College Newspapers Struggle Over Muslim Cartoon Question


      Two editors at the University of Illinois’ student-run newspaper were suspended for deciding to run a series of cartoons that have sparked outrage and violence around the Islamic world without consulting the remaining editorial staff.

      Editor-in-chief Acton H. Gorton says the Daily Illini’s publisher suspended him and the newspaper’s opinions sections editor, Charles Prochaska, for two weeks pending the outcome of an internal investigation into the publication of the cartoons, which ran in the paper’s Feb. 9 edition.

      “I’m very disappointed. I think this is nothing more than a cover-up,” Gorton says.

      Publisher and general manager Mary Cory released a statement shortly after the suspensions saying a student task force will “investigate the internal decision-making and communication surrounding the publishing” of the cartoons.

      The paper’s editorial staff told readers that the decision to run the cartoons was made by Gorton and Prochaska without their knowledge.
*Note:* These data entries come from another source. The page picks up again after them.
(* Let $\mathfrak M$ (modelled on $X$) be a Banach manifold with chart family $\mathscr A$ and $\mathfrak M_0$ (modelled on $X_0$) a $C^1$-embedded Banach submanifold of $\mathfrak M$ with respect to $\mathscr A$, such that $(\mathfrak M,\mathfrak M_0,\mathscr A)$ is inward spreadable. Let $\eta\in\mathfrak M_0$ and let $f:(-\varepsilon,\varepsilon)\to\mathfrak M_0$ with $f(0)=\eta$ be strongly differentiable at $t=0$. Then $f$ is fully differentiable at $t=0$: for every $\mathfrak M_0$-regular chart $(\mathcal U,\varphi)$ at $\eta$ the map $t\mapsto\varphi(f(t))$ is differentiable at $t=0$ in the topology of $X$, and for any two $\mathfrak M_0$-regular charts $(\mathcal U,\varphi),(\mathcal V,\psi)$ at $\eta$, $$(\psi\circ f)'(0)=(\psi\circ\varphi^{-1})'(\varphi(\eta))\,(\varphi\circ f)'(0).$$
   Context: Densely embedded spaces and the class $\mathfrak C^k$. For Banach spaces $X$ and $X_0$, $X_0$ is a densely embedded Banach subspace of $X$ if $X_0$ is a dense linear subspace of $X$ and there is $C>0$ with $\|x\|_X\le C\|x\|_{X_0}$ for $x\in X_0$. For such $X_0\subseteq X$, a Banach space $Y$, an open set $U_0\subseteq X_0$ and an integer $k\ge1$, $\mathfrak C^k(U_0;X,Y)$ denotes the set of maps $F:U_0\to Y$ such that (i) for each $x_0\in U_0$ there are bounded symmetric $j$-linear maps $F^{(j)}(x_0):X^j\to Y$, $1\le j\le k$, with $\|F(x)-F(x_0)-\sum_{j=1}^k\frac1{j!}F^{(j)}(x_0)(x-x_0,\dots,x-x_0)\|_Y/\|x-x_0\|_{X_0}^k\to0$ as $\|x-x_0\|_{X_0}\to0$, and (ii) $x\mapsto F^{(j)}(x)$ is continuous from $U_0$ (with the $X_0$-topology) into the space $L^j(X,Y)$ of bounded $j$-linear maps. We write $F'=F^{(1)}$. Embedded submanifolds. Let $\mathfrak M,\mathfrak M_0$ be topological Banach manifolds modelled on $X$, $X_0$, let $\mathscr A$ be a family of local charts of $\mathfrak M$, and $k\ge1$. $\mathfrak M_0$ is a $C^k$-embedded Banach submanifold of $\mathfrak M$ with respect to $\mathscr A$ if: (D1) $X_0$ is a densely embedded Banach subspace of $X$; (D2) $\mathfrak M_0\subseteq\mathfrak M$ and $\mathcal U\cap\mathfrak M_0$ is open in $\mathfrak M_0$ for every open $\mathcal U\subseteq\mathfrak M$; (D3) the domains of the charts of $\mathscr A$ cover $\mathfrak M$; (D4) for $\eta\in\mathfrak M_0$ and $(\mathcal U,\varphi)\in\mathscr A$ with $\eta\in\mathcal U$, $(\mathcal U_0,\varphi|_{\mathcal U_0})$ with $\mathcal U_0:=\mathcal U\cap\mathfrak M_0$ is a local chart of $\mathfrak M_0$; (D5) for $\eta\in\mathfrak M_0$ and $(\mathcal U,\varphi),(\mathcal V,\psi)\in\mathscr A$ with $\eta\in\mathcal U\cap\mathcal V$, $\psi\circ\varphi^{-1}\in\mathfrak C^k(\varphi(\mathcal U_0\cap\mathcal V_0);X,X)$ and $\varphi\circ\psi^{-1}\in\mathfrak C^k(\psi(\mathcal U_0\cap\mathcal V_0);X,X)$. A chart of $\mathscr A$ whose domain contains $\eta$ is an $\mathfrak M_0$-regular local chart at $\eta$. $(\mathfrak M,\mathfrak M_0,\mathscr A)$ (with $\mathfrak M_0$ $C^1$-embedded) is inward spreadable if there is a Banach manifold $\mathfrak M_1\subseteq\mathfrak M_0$, modelled on a Banach space $X_1$, which is a $C^1$-embedded Banach submanifold of $\mathfrak M_0$ with respect to the restrictions to $\mathfrak M_0$ of the charts of $\mathscr A$ ($\mathfrak M_1$ is then an inner $C^1$-kernel and the charts of $\mathscr A$ are called $(\mathfrak M_0,\mathfrak M_1)$-regular). For charts at $\eta\in\mathfrak M_0$, $(\varphi\circ\psi^{-1})'(\psi(\eta))\in L(X)$ is the first derivative in the $\mathfrak C^1$ sense. A curve $f:(-\varepsilon,\varepsilon)\to\mathfrak M_0$ with $f(0)=\eta$ is strongly differentiable at $t=0$ if for some $\mathfrak M_0$-regular chart $\varphi$ at $\eta$, $t\mapsto\varphi(f(t))$ is differentiable at $t=0$ in the topology of $X_0$. *)

theory Defs
  imports "HOL-Analysis.Analysis"
begin

text \<open>A densely embedded
Banach subspace X0 of X is represented by a separate type 'b together with an
injective bounded linear map iota into X with dense range (so that
norm (iota x) <= C * norm x).\<close>

definition dense_embedding :: "('b::banach \<Rightarrow> 'a::banach) \<Rightarrow> bool" where
  "dense_embedding \<iota> \<longleftrightarrow> bounded_linear \<iota> \<and> inj \<iota> \<and> closure (range \<iota>) = UNIV"

definition chart :: "'m topology \<Rightarrow> 'm set \<Rightarrow> ('m \<Rightarrow> 'a::banach) \<Rightarrow> bool" where
  "chart M U \<phi> \<longleftrightarrow> openin M U \<and> open (\<phi> ` U) \<and>
     homeomorphic_map (subtopology M U) (top_of_set (\<phi> ` U)) \<phi>"

definition banach_manifold :: "'a::banach itself \<Rightarrow> 'm topology \<Rightarrow> bool" where
  "banach_manifold (_::'a itself) M \<longleftrightarrow> Hausdorff_space M \<and>
     (\<forall>p\<in>topspace M. \<exists>U (\<phi>::'m \<Rightarrow> 'a). chart M U \<phi> \<and> p \<in> U)"

definition C1_deriv_at :: "('b::banach \<Rightarrow> 'a::banach) \<Rightarrow> ('b \<Rightarrow> 'y::banach) \<Rightarrow> 'b set
    \<Rightarrow> 'b \<Rightarrow> ('a \<Rightarrow>\<^sub>L 'y) \<Rightarrow> bool" where
  "C1_deriv_at \<iota> F S x0 D \<longleftrightarrow>
     ((\<lambda>x. norm (F x - F x0 - blinfun_apply D (\<iota> (x - x0))) / norm (x - x0)) \<longlongrightarrow> 0)
       (at x0 within S)"

definition frakC1 :: "('b::banach \<Rightarrow> 'a::banach) \<Rightarrow> ('b \<Rightarrow> 'y::banach) \<Rightarrow> 'b set \<Rightarrow> bool" where
  "frakC1 \<iota> F S \<longleftrightarrow> open S \<and>
     (\<exists>F'::'b \<Rightarrow> ('a \<Rightarrow>\<^sub>L 'y). (\<forall>x\<in>S. C1_deriv_at \<iota> F S x (F' x)) \<and> continuous_on S F')"

definition trans_map :: "('b \<Rightarrow> 'a) \<Rightarrow> 'm set \<Rightarrow> ('m \<Rightarrow> 'a) \<Rightarrow> ('m \<Rightarrow> 'a) \<Rightarrow> 'b \<Rightarrow> 'a" where
  "trans_map \<iota> U \<phi> \<psi> = (\<lambda>y. \<psi> (inv_into U \<phi> (\<iota> y)))"

definition trans_dom :: "('b \<Rightarrow> 'a) \<Rightarrow> 'm topology \<Rightarrow> 'm set \<Rightarrow> 'm set \<Rightarrow> ('m \<Rightarrow> 'a) \<Rightarrow> 'b set" where
  "trans_dom \<iota> M0 U V \<phi> = \<iota> -` (\<phi> ` (U \<inter> V \<inter> topspace M0))"

text \<open>M0 is a C^1-embedded Banach submanifold of M w.r.t. the chart family A,
conditions (D1)-(D5).  The restriction of phi to U0 as a chart of M0 is
p \<mapsto> iota^{-1}(phi p).\<close>
definition C1_embedded :: "('b::banach \<Rightarrow> 'a::banach) \<Rightarrow> 'm topology \<Rightarrow> 'm topology
    \<Rightarrow> ('m set \<times> ('m \<Rightarrow> 'a)) set \<Rightarrow> bool" where
  "C1_embedded \<iota> M M0 A \<longleftrightarrow>
     banach_manifold TYPE('a) M \<and> banach_manifold TYPE('b) M0 \<and>
     dense_embedding \<iota> \<and>
     topspace M0 \<subseteq> topspace M \<and> (\<forall>U. openin M U \<longrightarrow> openin M0 (U \<inter> topspace M0)) \<and>
     (\<forall>(U,\<phi>)\<in>A. chart M U \<phi>) \<and> topspace M \<subseteq> \<Union> (fst ` A) \<and>
     (\<forall>\<eta>\<in>topspace M0. \<forall>(U,\<phi>)\<in>A. \<eta> \<in> U \<longrightarrow>
        \<phi> ` (U \<inter> topspace M0) \<subseteq> range \<iota> \<and>
        chart M0 (U \<inter> topspace M0) (\<lambda>p. inv \<iota> (\<phi> p))) \<and>
     (\<forall>\<eta>\<in>topspace M0. \<forall>(U,\<phi>)\<in>A. \<forall>(V,\<psi>)\<in>A. \<eta> \<in> U \<inter> V \<longrightarrow>
        frakC1 \<iota> (trans_map \<iota> U \<phi> \<psi>) (trans_dom \<iota> M0 U V \<phi>) \<and>
        frakC1 \<iota> (trans_map \<iota> V \<psi> \<phi>) (trans_dom \<iota> M0 V U \<psi>))"

definition restrict_atlas :: "('b::banach \<Rightarrow> 'a::banach) \<Rightarrow> 'm topology \<Rightarrow> ('m set \<times> ('m \<Rightarrow> 'a)) set
    \<Rightarrow> ('m set \<times> ('m \<Rightarrow> 'b)) set" where
  "restrict_atlas \<iota> M0 A = (\<lambda>(U,\<phi>). (U \<inter> topspace M0, \<lambda>p. inv \<iota> (\<phi> p))) ` A"

definition strongly_diff_at0 :: "('b::banach \<Rightarrow> 'a::banach) \<Rightarrow> ('m set \<times> ('m \<Rightarrow> 'a)) set
    \<Rightarrow> (real \<Rightarrow> 'm) \<Rightarrow> 'm \<Rightarrow> bool" where
  "strongly_diff_at0 \<iota> A f \<eta> \<longleftrightarrow>
     (\<exists>(U,\<phi>)\<in>A. \<eta> \<in> U \<and> (\<forall>\<^sub>F t in nhds 0. f t \<in> U) \<and>
        (\<lambda>t. inv \<iota> (\<phi> (f t))) differentiable (at 0))"

end

theory Submission
  imports Defs
begin

(* Strong differentiability in one chart phi0 makes the X0-coordinates of f differentiable,
   hence f is continuous into M0 and phi0 o f is differentiable in X.  For any other chart psi,
   psi o f is the transition map G (of class frak-C^1 on an X0-open set) applied to the
   X0-coordinates k of f.  The mean value inequality along segments gives
   G (k t) - G x - G' x (iota (k t - x)) = o(norm (iota (k t - x))), and the latter is O(t),
   which is the chain rule.  Density of X0 in X makes the derivative of G unique, whence the
   transformation formula. *)

lemma C1_deriv_at_imp_has_derivative:
  assumes "bounded_linear \<iota>" "open S" "x \<in> S" "C1_deriv_at \<iota> G S x D"
  shows "(G has_derivative (\<lambda>y. blinfun_apply D (\<iota> y))) (at x)"
proof -
  have "bounded_linear (\<lambda>y. blinfun_apply D (\<iota> y))"
    using assms(1) by (rule bounded_linear_compose[OF blinfun.bounded_linear_right])
  moreover have "at x within S = at x" using assms(3,2) by (rule at_within_open)
  ultimately show ?thesis
    using assms(4) unfolding C1_deriv_at_def has_derivative_iff_norm[of G _ x UNIV] by metis
qed

lemma C1_deriv_at_unique:
  assumes "dense_embedding \<iota>" "open S" "x \<in> S"
    and "C1_deriv_at \<iota> G S x D" "C1_deriv_at \<iota> G S x E"
  shows "D = E"
proof -
  have bl: "bounded_linear \<iota>" and dense: "closure (range \<iota>) = UNIV"
    using assms(1) by (auto simp: dense_embedding_def)
  have "(\<lambda>y. blinfun_apply D (\<iota> y)) = (\<lambda>y. blinfun_apply E (\<iota> y))"
    using assms(2-5) by (intro has_derivative_unique C1_deriv_at_imp_has_derivative bl)
  then have "range \<iota> \<subseteq> {z. blinfun_apply D z = blinfun_apply E z}" by (auto dest: fun_cong)
  moreover have "closed {z. blinfun_apply D z = blinfun_apply E z}"
    by (intro closed_Collect_eq linear_continuous_on blinfun.bounded_linear_right)
  ultimately have "closure (range \<iota>) \<subseteq> {z. blinfun_apply D z = blinfun_apply E z}"
    by (rule closure_minimal)
  then show ?thesis using dense by (auto intro: blinfun_eqI)
qed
While the staff apologized to the Muslim community, it stopped short of saying it disagreed with the decision.

      “We want to make it clear that while we do not necessarily disagree with the decision to print these cartoons, we disagree with how they were run,” the editorial reads.

      According to the editorial, Gorton and Prochaska ran the cartoons without consulting the staff or the publisher.

      The Daily Illini, which is independent of the university, ran six of the 12 cartoons first published in September in Denmark’s Jyllands-Posten newspaper. The Daily Illini led with the cartoon that has caused the greatest furor: a depiction of the Prophet Muhammad wearing a bomb with a lit fuse as part of his turban.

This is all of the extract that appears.